The result is a ~20MB Alpine image that builds in under 30 seconds and has zero conversion-engine attack surface. The tradeoff is network latency per file and a dependency on the external API — which is fine for batch pipelines but not for sub-second interactive conversion.

TL;DR

Three files: a Dockerfile (Alpine + curl + bash), a conversion script, and a docker-compose.yml. Mount ./input and ./output as volumes. Inject the API key via environment variable.
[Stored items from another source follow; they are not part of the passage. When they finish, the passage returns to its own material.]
definition norm2_ca7_cert :: "real \<Rightarrow> real \<Rightarrow> real \<Rightarrow> real" where
  "norm2_ca7_cert s p q =
    (318980055928947506987681265453625 + 13534883616368542865216212154790000 * s
     + 117188928338721956083068402623250000 * s^2 + 523317552875545613080220706305000000 * s^3
     + 1509395226601752231820891846612500000 * s^4 + 3111767984449228070535927254100000000 * s^5
     + 4851271977344788868400647073000000000 * s^6 + 5921848532402172580562341425000000000 * s^7
     + 5789274822947510266550814187500000000 * s^8 + 4600382355930065015186670000000000000 * s^9
     + 2999345551457327598031545000000000000 * s^10
     + 1612633021744708837431600000000000000 * s^11
     + 716060138187224245655625000000000000 * s^12 + 262049666517510088350000000000000000 * s^13
     + 78585731809202619750000000000000000 * s^14 + 19117584012221061500000000000000000 * s^15
     + 3713362180724070000000000000000000 * s^16 + 562176255616500000000000000000000 * s^17
     + 63901888697500000000000000000000 * s^18 + 5127661350000000000000000000000 * s^19
     + 258806362500000000000000000000 * s^20 + 6174000000000000000000000000 * s^21) * q^5
    + (1196302693608973731213516143965625 + 11408076082083501951983714020875000 * s
     + 51610967947584940120745392314375000 * s^2 + 147203893787181892649136671850000000 * s^3
     + 296672279636651583357742643250000000 * s^4 + 448768274160101703776515398750000000 * s^5
     + 528226368608075646481511318750000000 * s^6 + 494934042117337624254066375000000000 * s^7
     + 374487153030005385302747812500000000 * s^8 + 230753616052354633876050000000000000 * s^9
     + 116227602348712599089625000000000000 * s^10 + 47834694700866606592500000000000000 * s^11
     + 16012800804656911193750000000000000 * s^12 + 4319750795370572625000000000000000 * s^13
     + 924922469345686875000000000000000 * s^14 + 153507407100337500000000000000000 * s^15
     + 19029721499250000000000000000000 * s^16 + 1657031591250000000000000000000 * s^17
     + 90314043750000000000000000000 * s^18 + 2315250000000000000000000000 * s^19) * p * q^4
    + (117177354471629424174868111718750 + 1011998053635184411869929437500000 * s
     + 4107459605809411524134450156250000 * s^2 + 10404177481116403196820148437500000 * s^3
     + 18417771316421266874370292968750000 * s^4 + 24176588000775318983122031250000000 * s^5
     + 24363977299669414665099218750000000 * s^6 + 19248935017110077308968750000000000 * s^7
     + 12067233024141429754101562500000000 * s^8 + 6035223707733410750000000000000000 * s^9
     + 2407179713821302000000000000000000 * s^10 + 761018785953080156250000000000000 * s^11
     + 188271908232676953125000000000000 * s^12 + 35662337043046875000000000000000 * s^13
     + 4991146641796875000000000000000 * s^14 + 485916309375000000000000000000 * s^15
     + 29348894531250000000000000000 * s^16 + 826875000000000000000000000 * s^17) * p^2 * q^3
    + (7515294324270523682269199218750 + 56150071458954652615544531250000 * s
     + 195451688720443181856164062500000 * s^2 + 420385552833367160888320312500000 * s^3
     + 624674952082606127616503906250000 * s^4 + 679122463418085222949218750000000 * s^5
     + 557856542184244843613281250000000 * s^6 + 352445261064232366406250000000000 * s^7
     + 172596215090973905273437500000000 * s^8 + 65481969289629375000000000000000 * s^9
     + 19078279504487109375000000000000 * s^10 + 4188837020238281250000000000000 * s^11
     + 670295362187500000000000000000 * s^12 + 73716595312500000000000000000 * s^13
     + 4975031250000000000000000000 * s^14 + 155039062500000000000000000 * s^15) * p^3 * q^2
    + (258005766863887915602978515625 + 1626213768254235383074218750000 * s
     + 4721334124100575796132812500000 * s^2 + 8357417939357506388085937500000 * s^3
     + 10059880224429160319824218750000 * s^4 + 8691713576191570722656250000000 * s^5
     + 5542699921120262988281250000000 * s^6 + 2639777139066703125000000000000 * s^7
     + 938244744289760742187500000000 * s^8 + 245567406410156250000000000000 * s^9
     + 45951144011718750000000000000 * s^10 + 5812939863281250000000000000 * s^11
     + 444739599609375000000000000 * s^12 + 15503906250000000000000000 * s^13) * p^4 * q
    + (3698563000914510279541015625 + 18982925143029162451171875000 * s
     + 44189132181673751220703125000 * s^2 + 61550258738926733398437500000 * s^3
     + 56961490549240173339843750000 * s^4 + 36746455898844726562500000000 * s^5
     + 16845501378330078125000000000 * s^6 + 5481028649414062500000000000 * s^7
     + 1238552968139648437500000000 * s^8 + 184758471679687500000000000 * s^9
     + 16332934570312500000000000 * s^10 + 645996093750000000000000 * s^11) * p^5"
Run with docker compose up.

# Run one batch
docker compose up --abort-on-container-exit

# Run as a daemon that restarts every 5 minutes
docker compose up -d

The use case

This pattern fits CI/CD pipelines and batch processing jobs where you need file conversion as a step in a larger workflow:

A GitHub Actions job that converts design assets (PNG exports from Figma) to WebP before deploying a site
A data pipeline that normalizes uploaded documents (DOCX, ODS, RTF) to PDF before archiving
A media processing step in a Docker Compose stack that converts raw video uploads to MP4 before the transcription service picks them up
A scheduled container that processes an S3-synced input directory nightly

In all of these cases, you want the conversion logic isolated in a container with a clean interface: files in one directory come out converted in another. The container shouldn't need OS-level media tools — those are a maintenance burden, and the ChangeThisFile API handles 690 routes including all the FFmpeg, LibreOffice, and Calibre routes.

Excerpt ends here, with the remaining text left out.